Competition is rising. Allergan itself framed its 2018 guidance as dependent on generic competition to eye treatment RESTASIS. Allergan had tried to deny generic competition by transferring its patent to the Saint Regis Mohawk Tribe. That effort, however, hasn’t worked. And now Imprimis Pharmaceuticals Inc (NASDAQ:IMMY) has launched a 99-cent competitor.

Meanwhile, Allergan’s highly profitable Botox treatment may also see a new rival. This month, Chris Lau detailed the efforts of Revance Therapeutics Inc (NASDAQ:RVNC), which is working with Mylan NV (NASDAQ:MYL) to launch a biosimilar. All told, some 20% of revenue is at competitive risk in the coming years.

Add to those fears some questions about the company’s pipeline, and an overall lack of confidence in the drug development space, and there is some logic behind the long, hard fall in Allergan. And with a reasonably substantial debt load – over $23 billion on a net basis, about 3x EBITDA – any further downward pressure on valuation would be amplified in the AGN stock price.

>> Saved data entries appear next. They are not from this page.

(* Let $P=\sum_{k\in\mathbb{Z}}\alpha_kx^k+\sum_{k\in\mathbb{Z}}\beta_k\,yx^k$ (finitely many nonzero terms) with all $\alpha_k,\beta_k\in\mathbb{R}$, and suppose $P$ is reciprocal as an element of $\mathbb{R}[\mathbb{Z}\times\mathbb{Z}/2\mathbb{Z}]$, where $\mathbb{Z}\times\mathbb{Z}/2\mathbb{Z}=\langle x,y\mid y^2,[x,y]\rangle$. Regard $P$ also as an element of $\mathbb{C}[D_\infty]$, where $D_\infty=\langle x,y\mid y^2,yxyx\rangle$ (same coefficients, same words). Let $k=\sum_k(|\alpha_k|+|\beta_k|)$ and $|\lambda|<1/k$. Then \[ m_{\mathbb{Z}\times\mathbb{Z}/2\mathbb{Z}}(P,\lambda)=m_{D_\infty}(P,\lambda). \]
   Context: For a group $\Gamma$ and $Q=\sum_{g\in\Gamma}c_g g\in\mathbb{C}\Gamma$ (finite sum), the reciprocal is $Q^*=\sum_g\overline{c_g}\,g^{-1}$, and $Q$ is reciprocal if $Q=Q^*$. For reciprocal $P\in\mathbb{C}\Gamma$ with $l_1$-norm $k=\sum_g|c_g|$ and $|\lambda|<1/k$, define $m_\Gamma(P,\lambda)=-\sum_{n\ge1}a_n\lambda^n/n$, where $a_n$ is the coefficient of the identity element of $\Gamma$ in $P^n$. In the paper $D_\infty$ is written $\langle\rho,\sigma\mid\sigma^2,\sigma\rho\sigma\rho\rangle$ with $x=\rho$, $y=\sigma$. *)

theory Defs
  imports Complex_Main
begin

text \<open>Finitely supported elements of a group ring C[G] are functions G => complex
  with finite support. The group is given by its multiplication, identity and inverse.\<close>

definition gr_mult :: "('g \<Rightarrow> 'g \<Rightarrow> 'g) \<Rightarrow> ('g \<Rightarrow> complex) \<Rightarrow> ('g \<Rightarrow> complex) \<Rightarrow> 'g \<Rightarrow> complex" where
  "gr_mult mul f h z = (\<Sum>(u,v)\<in>{(u,v). f u \<noteq> 0 \<and> h v \<noteq> 0 \<and> mul u v = z}. f u * h v)"

definition gr_unit :: "'g \<Rightarrow> 'g \<Rightarrow> complex" where
  "gr_unit e g = (if g = e then 1 else 0)"

fun gr_pow :: "('g \<Rightarrow> 'g \<Rightarrow> 'g) \<Rightarrow> 'g \<Rightarrow> ('g \<Rightarrow> complex) \<Rightarrow> nat \<Rightarrow> 'g \<Rightarrow> complex" where
  "gr_pow mul e f 0 = gr_unit e"
| "gr_pow mul e f (Suc n) = gr_mult mul (gr_pow mul e f n) f"

definition reciprocal :: "('g \<Rightarrow> 'g) \<Rightarrow> ('g \<Rightarrow> complex) \<Rightarrow> bool" where
  "reciprocal ginv f \<longleftrightarrow> (\<forall>g. f (ginv g) = cnj (f g))"

definition l1_norm :: "('g \<Rightarrow> complex) \<Rightarrow> real" where
  "l1_norm f = (\<Sum>g\<in>{g. f g \<noteq> 0}. norm (f g))"

definition mG :: "('g \<Rightarrow> 'g \<Rightarrow> 'g) \<Rightarrow> 'g \<Rightarrow> ('g \<Rightarrow> complex) \<Rightarrow> complex \<Rightarrow> complex" where
  "mG mul e f lam = - (\<Sum>n. gr_pow mul e f (Suc n) e * lam ^ Suc n / of_nat (Suc n))"

text \<open>Elements are encoded as (k, b) meaning y^b x^k (b = True means a factor y).\<close>

definition zz2_mul :: "int \<times> bool \<Rightarrow> int \<times> bool \<Rightarrow> int \<times> bool" where
  "zz2_mul p q = (fst p + fst q, snd p \<noteq> snd q)"

definition zz2_inv :: "int \<times> bool \<Rightarrow> int \<times> bool" where
  "zz2_inv p = (- fst p, snd p)"

text \<open>D_infinity = < x, y | y^2, yxyx >, so x^a y = y x^(-a) and
  (y^b x^a)(y^d x^c) = y^(b+d) x^((-1)^d a + c).\<close>
definition dinf_mul :: "int \<times> bool \<Rightarrow> int \<times> bool \<Rightarrow> int \<times> bool" where
  "dinf_mul p q = ((if snd q then - fst p else fst p) + fst q, snd p \<noteq> snd q)"

definition dinf_inv :: "int \<times> bool \<Rightarrow> int \<times> bool" where
  "dinf_inv p = (if snd p then p else (- fst p, False))"

definition elemP :: "(int \<Rightarrow> real) \<Rightarrow> (int \<Rightarrow> real) \<Rightarrow> int \<times> bool \<Rightarrow> complex" where
  "elemP \<alpha> \<beta> p = (if snd p then complex_of_real (\<beta> (fst p)) else complex_of_real (\<alpha> (fst p)))"

end

theory Submission
  imports Defs
begin

text \<open>In both groups an element is written \<open>y\<^sup>b x\<^sup>k\<close>; the two multiplications differ
  only in that right multiplication by \<open>y\<close> negates the exponent of \<open>x\<close> in \<open>D\<^sub>\<infinity>\<close>.
  Since \<open>P\<close> has real coefficients, being reciprocal in \<open>\<int> \<times> \<int>/2\<close> means exactly that its
  coefficients are invariant under \<open>k \<mapsto> -k\<close>. This invariance is inherited by every power
  \<open>P\<^sup>n\<close> in \<open>\<int> \<times> \<int>/2\<close>, so the convolution recursions computing \<open>P\<^sup>n\<close> in the two group
  rings agree term by term. Hence \<open>P\<^sup>n\<close> is the same function in both group rings for every
  \<open>n\<close>, and the two series defining \<open>m(P,\<lambda>)\<close> coincide term by term.\<close>

lemma gr_mult_eq_sum:
  assumes "finite S" and "\<And>v. h v \<noteq> 0 \<Longrightarrow> v \<in> S"
    and "\<And>u v. mul u v = z \<longleftrightarrow> u = d v"
  shows "gr_mult mul f h z = (\<Sum>v\<in>S. f (d v) * h v)"
proof -
  have supp: "{(u,v). f u \<noteq> 0 \<and> h v \<noteq> 0 \<and> mul u v = z}
      = (\<lambda>v. (d v, v)) ` {v\<in>S. h v \<noteq> 0 \<and> f (d v) \<noteq> 0}"
    using assms(2,3) by auto
  have "gr_mult mul f h z = (\<Sum>v\<in>{v\<in>S. h v \<noteq> 0 \<and> f (d v) \<noteq> 0}. f (d v) * h v)"
    unfolding gr_mult_def supp by (subst sum.reindex) (auto simp: inj_on_def)
  also have "\<dots> = (\<Sum>v\<in>S. f (d v) * h v)"
    by (rule sum.mono_neutral_left) (use assms(1) in auto)
  finally show ?thesis .
qed

lemma gr_pow_zz2_Suc:
  assumes "finite {v. f v \<noteq> 0}"
  shows "gr_pow zz2_mul e f (Suc n) z
    = (\<Sum>v | f v \<noteq> 0. gr_pow zz2_mul e f n (fst z - fst v, snd z \<noteq> snd v) * f v)"
  unfolding gr_pow.simps
  by (rule gr_mult_eq_sum[OF assms]) (auto simp: zz2_mul_def prod_eq_iff)

lemma gr_pow_dinf_Suc:
  assumes "finite {v. f v \<noteq> 0}"
  shows "gr_pow dinf_mul e f (Suc n) z
    = (\<Sum>v | f v \<noteq> 0. gr_pow dinf_mul e f n
         (if snd v then fst v - fst z else fst z - fst v, snd z \<noteq> snd v) * f v)"
  unfolding gr_pow.simps
  by (rule gr_mult_eq_sum[OF assms]) (auto simp: dinf_mul_def prod_eq_iff)

lemma gr_pow_zz2_even:
  assumes fin: "finite {v. f v \<noteq> 0}" and even: "\<And>k b. f (- k, b) = f (k, b)"
  shows "gr_pow zz2_mul (0, False) f n (- k, b) = gr_pow zz2_mul (0, False) f n (k, b)"
proof (induction n arbitrary: k b)
  case 0
  show ?case by (simp add: gr_unit_def)
next
  case (Suc n)
  let ?A = "gr_pow zz2_mul (0, False) f n"
  have "gr_pow zz2_mul (0, False) f (Suc n) (- k, b)
      = (\<Sum>v | f v \<noteq> 0. ?A (- k - fst v, b \<noteq> snd v) * f v)"
    unfolding gr_pow_zz2_Suc[OF fin] by simp
  also have "\<dots> = (\<Sum>v | f v \<noteq> 0. ?A (k - fst v, b \<noteq> snd v) * f v)"
  proof (rule sum.reindex_bij_witness[where i="\<lambda>v. (- fst v, snd v)" and j="\<lambda>v. (- fst v, snd v)"])
    fix v :: "int \<times> bool"
    show "?A (k - fst (- fst v, snd v), b \<noteq> snd (- fst v, snd v)) * f (- fst v, snd v)
        = ?A (- k - fst v, b \<noteq> snd v) * f v"
      using Suc.IH[of "k + fst v" "b \<noteq> snd v"] even[of "fst v" "snd v"] by simp
  qed (use even in auto)
  also have "\<dots> = gr_pow zz2_mul (0, False) f (Suc n) (k, b)"
    unfolding gr_pow_zz2_Suc[OF fin] by simp
  finally show ?case .
qed

lemma gr_pow_dinf_eq_zz2:
  assumes fin: "finite {v. f v \<noteq> 0}" and even: "\<And>k b. f (- k, b) = f (k, b)"
  shows "gr_pow dinf_mul (0, False) f n = gr_pow zz2_mul (0, False) f n"
proof (induction n)
  case 0
  show ?case by simp
next
  case (Suc n)
  show ?case
  proof
    fix z :: "int \<times> bool"
    show "gr_pow dinf_mul (0, False) f (Suc n) z = gr_pow zz2_mul (0, False) f (Suc n) z"
      unfolding gr_pow_dinf_Suc[OF fin] gr_pow_zz2_Suc[OF fin] Suc.IH
      using gr_pow_zz2_even[OF fin even, of n "fst z - fst v" for v] by (intro sum.cong) auto
  qed
qed

lemma finite_support_elemP:
  assumes "finite {k. \<alpha> k \<noteq> 0}" and "finite {k. \<beta> k \<noteq> 0}"
  shows "finite {v. elemP \<alpha> \<beta> v \<noteq> 0}"
proof (rule finite_subset)
  show "{v. elemP \<alpha> \<beta> v \<noteq> 0} \<subseteq> {k. \<alpha> k \<noteq> 0} \<times> {False} \<union> {k. \<beta> k \<noteq> 0} \<times> {True}"
    by (auto simp: elemP_def split: if_splits)
qed (use assms in auto)

lemma reciprocal_zz2_elemP_even:
  assumes "reciprocal zz2_inv (elemP \<alpha> \<beta>)"
  shows "elemP \<alpha> \<beta> (- k, b) = elemP \<alpha> \<beta> (k, b)"
proof -
  have "elemP \<alpha> \<beta> (- k, b) = cnj (elemP \<alpha> \<beta> (k, b))"
    using assms unfolding reciprocal_def zz2_inv_def by (metis fst_conv snd_conv)
  then show ?thesis by (simp add: elemP_def)
qed

theorem corollary7p4:
  fixes \<alpha> \<beta> :: "int \<Rightarrow> real" and lam :: complex
  assumes "finite {k. \<alpha> k \<noteq> 0}" and "finite {k. \<beta> k \<noteq> 0}"
    and "reciprocal zz2_inv (elemP \<alpha> \<beta>)"
    and "norm lam * l1_norm (elemP \<alpha> \<beta>) < 1"
  shows "mG zz2_mul (0, False) (elemP \<alpha> \<beta>) lam = mG dinf_mul (0, False) (elemP \<alpha> \<beta>) lam"
proof -
  have "gr_pow dinf_mul (0, False) (elemP \<alpha> \<beta>) n = gr_pow zz2_mul (0, False) (elemP \<alpha> \<beta>) n" for n
    using gr_pow_dinf_eq_zz2[OF finite_support_elemP[OF assms(1,2)]]
      reciprocal_zz2_elemP_even[OF assms(3)] by blast
  then show ?thesis unfolding mG_def by (simp del: gr_pow.simps)
qed

end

It’s not as if industry leaders are priced for torrid growth: PFE and MRK trade at 12x and 13.5x forward EPS, respectively. Given that Allergan has a heavier debt load, declining near-term earnings, and material competitive risks, a discount to those titans doesn’t seem wholly out of line.

The Bull Case for AGN

All that said, there is a case that the decline has been too much. On the Q4 conference call Allergan cited a solid pipeline in eye care,  which could replace all of the lost revenue from RESTASIS competition.

Botox has significant brand value, and Barron’s cited a portfolio manager who pointed out that consumers “might be uncomfortable testing a new product” given that Botox is a toxin injected into the patient’s face.

As for valuation, AGN might merit some discount to PFE & MRK – but even a discounted 11x multiple still suggests modest earnings decline going forward and values AGN stock at $172 – over 7% upside from current levels.

And with the company itself guided for a 5% increase in revenue long-term, after a bit of a ‘reset’ year in 2018, even a modest multiple combined with some level of earnings growth could create nice returns in Allergan stock.

To be honest, I am sympathetic to that case. In fact, it’s basically the argument I made in December. But I’m no longer sure that AGN is worth the risk, and I’m particularly skeptical there’s reason to jump in now, ahead of Q1 earnings next week.

AGN Stock Looks A Little Too Risky

All told, I wouldn’t be shocked if Allergan stock managed to grind higher from here. But I question whether the upside necessarily is worth the downside risk.

After all, the pharmaceutical space is very different from what it was a decade or two ago. Efforts to control pricing and increase generic competition have taken a toll. MRK and PFE have been decent investments.

But the market has seen outright collapses in Valeant Pharmaceuticals Intl Inc (NYSE:VRX), Teva Pharmaceutical Industries Ltd (ADR) ADR (NYSE:TEVA), and Mallinckrodt PLC (NYSE:MNK).

I’m not arguing that Allergan stock is the next VRX or MNK. For one, its debt levels are nowhere near as high. But investors thought those stocks were “too cheap” all the way down as well, and I’d be worried that a similar, if less disastrous, fate might await Allergan. When growth slows for an indebted company, the stock price can fall far and quick.

When that company is a pharmaceutical company, and investors start questioning the pipeline, it takes a long time to reverse that sentiment.

That’s what has happened at Allergan of late – and I’m not confident enough that the worst is over just yet. And for what looks like only reasonable upside, I’m not interested in taking on that risk.

As of this writing, Vince Martin has no positions in any securities mentioned.